Did Gulfstream hit an air pocket?
Could the sub-prime crisis in Florida be impacting air travel in the Sunshine state? Perhaps, judging by the revised S-1 that Gulfstream International filed late Friday. Gulfstream International, not to be confused with Gulfstream Aerospace, the General Dynamics (GD) owned company that sells corporate jets, operates a regional jet service in Florida and the Bahamas and also operates the Gulfstream Training Academy. Gulfstream, whose ticker will be GIA on Amex, lost another underwriter on Friday and is now only left with Taglich Brothers, the same company that acquired the company and its training academy last year. Earlier, there were two additional underwriters: Maxim Group and Avondale Partners.

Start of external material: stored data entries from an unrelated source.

lemma quantize_nonneg:
  assumes "0 < \<epsilon>" and "0 \<le> w" and "w \<le> B"
  shows "close_bdd B \<epsilon> w (quantize \<epsilon> w)" and "quantize \<epsilon> w \<in> grid \<epsilon> B"
proof -
  have k: "of_int \<lfloor>w / \<epsilon>\<rfloor> \<le> w / \<epsilon>" "w / \<epsilon> < of_int \<lfloor>w / \<epsilon>\<rfloor> + 1" "0 \<le> \<lfloor>w / \<epsilon>\<rfloor>"
    using assms by auto
  have "\<epsilon> * of_int \<lfloor>w / \<epsilon>\<rfloor> \<le> w"
    using mult_left_mono[OF k(1), of \<epsilon>] assms(1) by simp
  moreover have "w < \<epsilon> * of_int \<lfloor>w / \<epsilon>\<rfloor> + \<epsilon>" "0 \<le> \<epsilon> * of_int \<lfloor>w / \<epsilon>\<rfloor>"
    using k assms(1) by (simp_all add: field_simps)
  ultimately show "close_bdd B \<epsilon> w (quantize \<epsilon> w)"
    using assms unfolding close_bdd_def quantize_def by auto
  have "\<lfloor>w / \<epsilon>\<rfloor> \<le> \<lfloor>B / \<epsilon>\<rfloor>"
    using assms by (intro floor_mono divide_right_mono) auto
  with k(3) have "\<lfloor>w / \<epsilon>\<rfloor> \<in> {- \<lfloor>B / \<epsilon>\<rfloor>..\<lfloor>B / \<epsilon>\<rfloor>}"
    unfolding atLeastAtMost_iff by linarith
  then show "quantize \<epsilon> w \<in> grid \<epsilon> B"
    using assms(2) unfolding quantize_def grid_def by (simp add: rev_image_eqI)
qed

lemma quantize_close:
  assumes "0 < \<epsilon>" and "\<bar>w\<bar> \<le> B"
  shows "close_bdd B \<epsilon> w (quantize \<epsilon> w)" and "quantize \<epsilon> w \<in> grid \<epsilon> B"
proof (atomize (full), cases "0 \<le> w")
  case True
  then show "close_bdd B \<epsilon> w (quantize \<epsilon> w) \<and> quantize \<epsilon> w \<in> grid \<epsilon> B"
    using quantize_nonneg[of \<epsilon> w B] assms by simp
next
  case False
  then have q: "quantize \<epsilon> w = - quantize \<epsilon> (- w)"
    unfolding quantize_def by simp
  have "close_bdd B \<epsilon> (- w) (quantize \<epsilon> (- w))" "quantize \<epsilon> (- w) \<in> grid \<epsilon> B"
    using quantize_nonneg[of \<epsilon> "- w" B] assms False by auto
  moreover have "- y \<in> grid \<epsilon> B" if "y \<in> grid \<epsilon> B" for y
    using that unfolding grid_def by (auto intro!: image_eqI[where x = "- _"])
  ultimately show "close_bdd B \<epsilon> w (quantize \<epsilon> w) \<and> quantize \<epsilon> w \<in> grid \<epsilon> B"
    unfolding q close_bdd_def by auto
qed

lemma finite_grid: "finite (grid \<epsilon> B)"
  unfolding grid_def by simp

lemma card_grid_le:
  assumes "0 < \<epsilon>" and "0 \<le> B"
  shows "real (card (grid \<epsilon> B)) \<le> 2 * B / \<epsilon> + 1"
proof -
  have k: "0 \<le> \<lfloor>B / \<epsilon>\<rfloor>"
    using assms by simp
  have "card (grid \<epsilon> B) \<le> card {- \<lfloor>B / \<epsilon>\<rfloor>..\<lfloor>B / \<epsilon>\<rfloor>}"
    unfolding grid_def by (rule card_image_le) simp
  also have "\<dots> = nat (2 * \<lfloor>B / \<epsilon>\<rfloor> + 1)"
    by simp
  finally have "real (card (grid \<epsilon> B)) \<le> real (nat (2 * \<lfloor>B / \<epsilon>\<rfloor> + 1))"
    by (simp only: of_nat_le_iff)
  also have "\<dots> = 2 * of_int \<lfloor>B / \<epsilon>\<rfloor> + 1"
    using k by simp
  also have "\<dots> \<le> 2 * B / \<epsilon> + 1"
    by linarith
  finally show ?thesis .
qed

lemma quantize_sparse:
  assumes "0 < \<epsilon>" and "finite I" and "card {p\<in>I. f p \<noteq> 0} \<le> S" and "\<forall>p\<in>I. \<bar>f p\<bar> \<le> B"
  defines "g \<equiv> \<lambda>p. if p \<in> I then quantize \<epsilon> (f p) else 0"
  shows "g \<in> sparse_funs I (grid \<epsilon> B) S" and "p \<in> I \<Longrightarrow> close_bdd B \<epsilon> (f p) (g p)"
proof -
  have "card {p\<in>I. g p \<noteq> 0} \<le> card {p\<in>I. f p \<noteq> 0}"
    using assms(2) unfolding g_def by (intro card_mono) (auto elim: contrapos_nn)
  then show "g \<in> sparse_funs I (grid \<epsilon> B) S"
    using assms quantize_close(2) unfolding sparse_funs_def g_def by auto
  show "p \<in> I \<Longrightarrow> close_bdd B \<epsilon> (f p) (g p)"
    using assms quantize_close(1) unfolding g_def by auto
qed

lemma zero_in_grid: "0 \<le> B \<Longrightarrow> 0 < \<epsilon> \<Longrightarrow> 0 \<in> grid \<epsilon> B"
  unfolding grid_def by (intro image_eqI[where x = 0]) auto

definition param_idx :: "nat \<Rightarrow> nat \<Rightarrow> nat \<Rightarrow> ((nat \<times> nat \<times> nat) + (nat \<times> nat)) set" where
  "param_idx d L W = weight_idx d L W <+> bias_idx L W"

definition flat_params :: "(nat \<Rightarrow> nat \<Rightarrow> nat \<Rightarrow> real) \<Rightarrow> (nat \<Rightarrow> nat \<Rightarrow> real)
    \<Rightarrow> (nat \<times> nat \<times> nat) + (nat \<times> nat) \<Rightarrow> real" where
  "flat_params Wt bs = case_sum (\<lambda>(l, i, k). Wt l i k) (\<lambda>(l, i). bs l i)"

definition admissible :: "nat \<Rightarrow> nat \<Rightarrow> nat \<Rightarrow> nat \<Rightarrow> real
    \<Rightarrow> (nat \<Rightarrow> nat \<Rightarrow> nat \<Rightarrow> real) \<Rightarrow> (nat \<Rightarrow> nat \<Rightarrow> real) \<Rightarrow> bool" where
  "admissible d L W S B Wt bs \<longleftrightarrow>
     card {p \<in> param_idx d L W. flat_params Wt bs p \<noteq> 0} \<le> S
   \<and> (\<forall>p\<in>param_idx d L W. \<bar>flat_params Wt bs p\<bar> \<le> B)"

lemma weight_idx_subset: "weight_idx d L W \<subseteq> {..L} \<times> {..<W + 1} \<times> {..<d + W}"
  unfolding weight_idx_def nrows_def ncols_def by (auto split: if_splits)

lemma bias_idx_subset: "bias_idx L W \<subseteq> {..L} \<times> {..<W + 1}"
  unfolding bias_idx_def nrows_def by (auto split: if_splits)

lemma finite_weight_idx: "finite (weight_idx d L W)"
  using finite_subset[OF weight_idx_subset] by simp

lemma finite_bias_idx: "finite (bias_idx L W)"
  using finite_subset[OF bias_idx_subset] by simp

lemma finite_param_idx: "finite (param_idx d L W)"
  unfolding param_idx_def using finite_weight_idx finite_bias_idx by simp

lemma card_param_idx_le: "card (param_idx d L W) \<le> (L + 1) * (W + 1) * (d + W + 1)"
proof -
  have "card (weight_idx d L W) \<le> card ({..L} \<times> {..<W + 1} \<times> {..<d + W})"
    by (rule card_mono[OF _ weight_idx_subset]) simp
  moreover have "card (bias_idx L W) \<le> card ({..L} \<times> {..<W + 1})"
    by (rule card_mono[OF _ bias_idx_subset]) simp
  ultimately show ?thesis
    unfolding param_idx_def using finite_weight_idx finite_bias_idx
    by (simp add: card_Plus card_cartesian_product algebra_simps)
qed

lemma inj_flat_params: "inj (\<lambda>(Wt, bs). flat_params Wt bs)"
proof (rule injI, clarify)
  fix Wt Wt' bs bs' assume eq: "flat_params Wt bs = flat_params Wt' bs'"
  have "Wt l i k = Wt' l i k" for l i k
    using fun_cong[OF eq, of "Inl (l, i, k)"] by (simp add: flat_params_def)
  moreover have "bs l i = bs' l i" for l i
    using fun_cong[OF eq, of "Inr (l, i)"] by (simp add: flat_params_def)
  ultimately show "Wt = Wt' \<and> bs = bs'"
    by (simp add: fun_eq_iff)
qed

lemma ball_Plus_iff: "(\<forall>p\<in>A <+> B. P p) \<longleftrightarrow> (\<forall>a\<in>A. P (Inl a)) \<and> (\<forall>b\<in>B. P (Inr b))"
  by auto

lemma Phi_eq_admissible:
  "Phi d L W S B = {(\<lambda>x. hval d W Wt bs x L 0) | Wt bs. admissible d L W S B Wt bs}"
proof -
  have "{p \<in> param_idx d L W. flat_params Wt bs p \<noteq> 0} =
      {(l, i, k) \<in> weight_idx d L W. Wt l i k \<noteq> 0} <+> {(l, i) \<in> bias_idx L W. bs l i \<noteq> 0}" for Wt bs
    unfolding param_idx_def flat_params_def by auto
  note supp = this
  have "card {p \<in> param_idx d L W. flat_params Wt bs p \<noteq> 0} =
      card {(l, i, k) \<in> weight_idx d L W. Wt l i k \<noteq> 0} + card {(l, i) \<in> bias_idx L W. bs l i \<noteq> 0}"
    for Wt bs
  proof -
    have "finite {(l, i, k) \<in> weight_idx d L W. Wt l i k \<noteq> 0}" "finite {(l, i) \<in> bias_idx L W. bs l i \<noteq> 0}"
      by (auto intro: finite_subset[OF _ finite_weight_idx] finite_subset[OF _ finite_bias_idx])
    with supp show ?thesis
      by (simp add: card_Plus)
  qed
  moreover have "(\<forall>p\<in>param_idx d L W. \<bar>flat_params Wt bs p\<bar> \<le> B) \<longleftrightarrow>
      (\<forall>(l, i, k) \<in> weight_idx d L W. \<bar>Wt l i k\<bar> \<le> B) \<and> (\<forall>(l, i) \<in> bias_idx L W. \<bar>bs l i\<bar> \<le> B)"
    for Wt bs
    unfolding param_idx_def ball_Plus_iff flat_params_def by auto
  ultimately show ?thesis
    unfolding Phi_def admissible_def by auto
qed

definition qweights :: "nat \<Rightarrow> nat \<Rightarrow> nat \<Rightarrow> real \<Rightarrow> (nat \<Rightarrow> nat \<Rightarrow> nat \<Rightarrow> real)
    \<Rightarrow> nat \<Rightarrow> nat \<Rightarrow> nat \<Rightarrow> real" where
  "qweights d L W \<epsilon> Wt l i k = (if (l, i, k) \<in> weight_idx d L W then quantize \<epsilon> (Wt l i k) else 0)"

Granted, none of these underwriters are exactly household names. But you do have to wonder what would prompt two to jump ship. Of course, that wasn’t the only change in Friday’s filing. Gulfstream also reduced the size of the offering to 800,000 shares, down from 1 million shares initially and 1.2 million in an amended filing in October. And the price of the IPO came down to $9 a share, from the $10 to $13 range initially talked about. Friday also saw a change in the offering costs to $2.60 a share from the $1.97 noted earlier. All of this means that instead of $8.4 million in proceeds, the company only expects to get $5.1 million, which hardly seems worth the cost of all of these amended filings.
Then again, if ferrying people around Florida doesn’t work, there’s always work for the Defense Department, which isn’t as sensitive to things like people defaulting on their mortgages. As the company notes in its filing, in June 2006, it began a long-term contract with Computer Sciences Corp. (CSC) offering two to three flights daily between West Palm Beach and Andros Island in the Bahamas, which required a special certification from the DoD.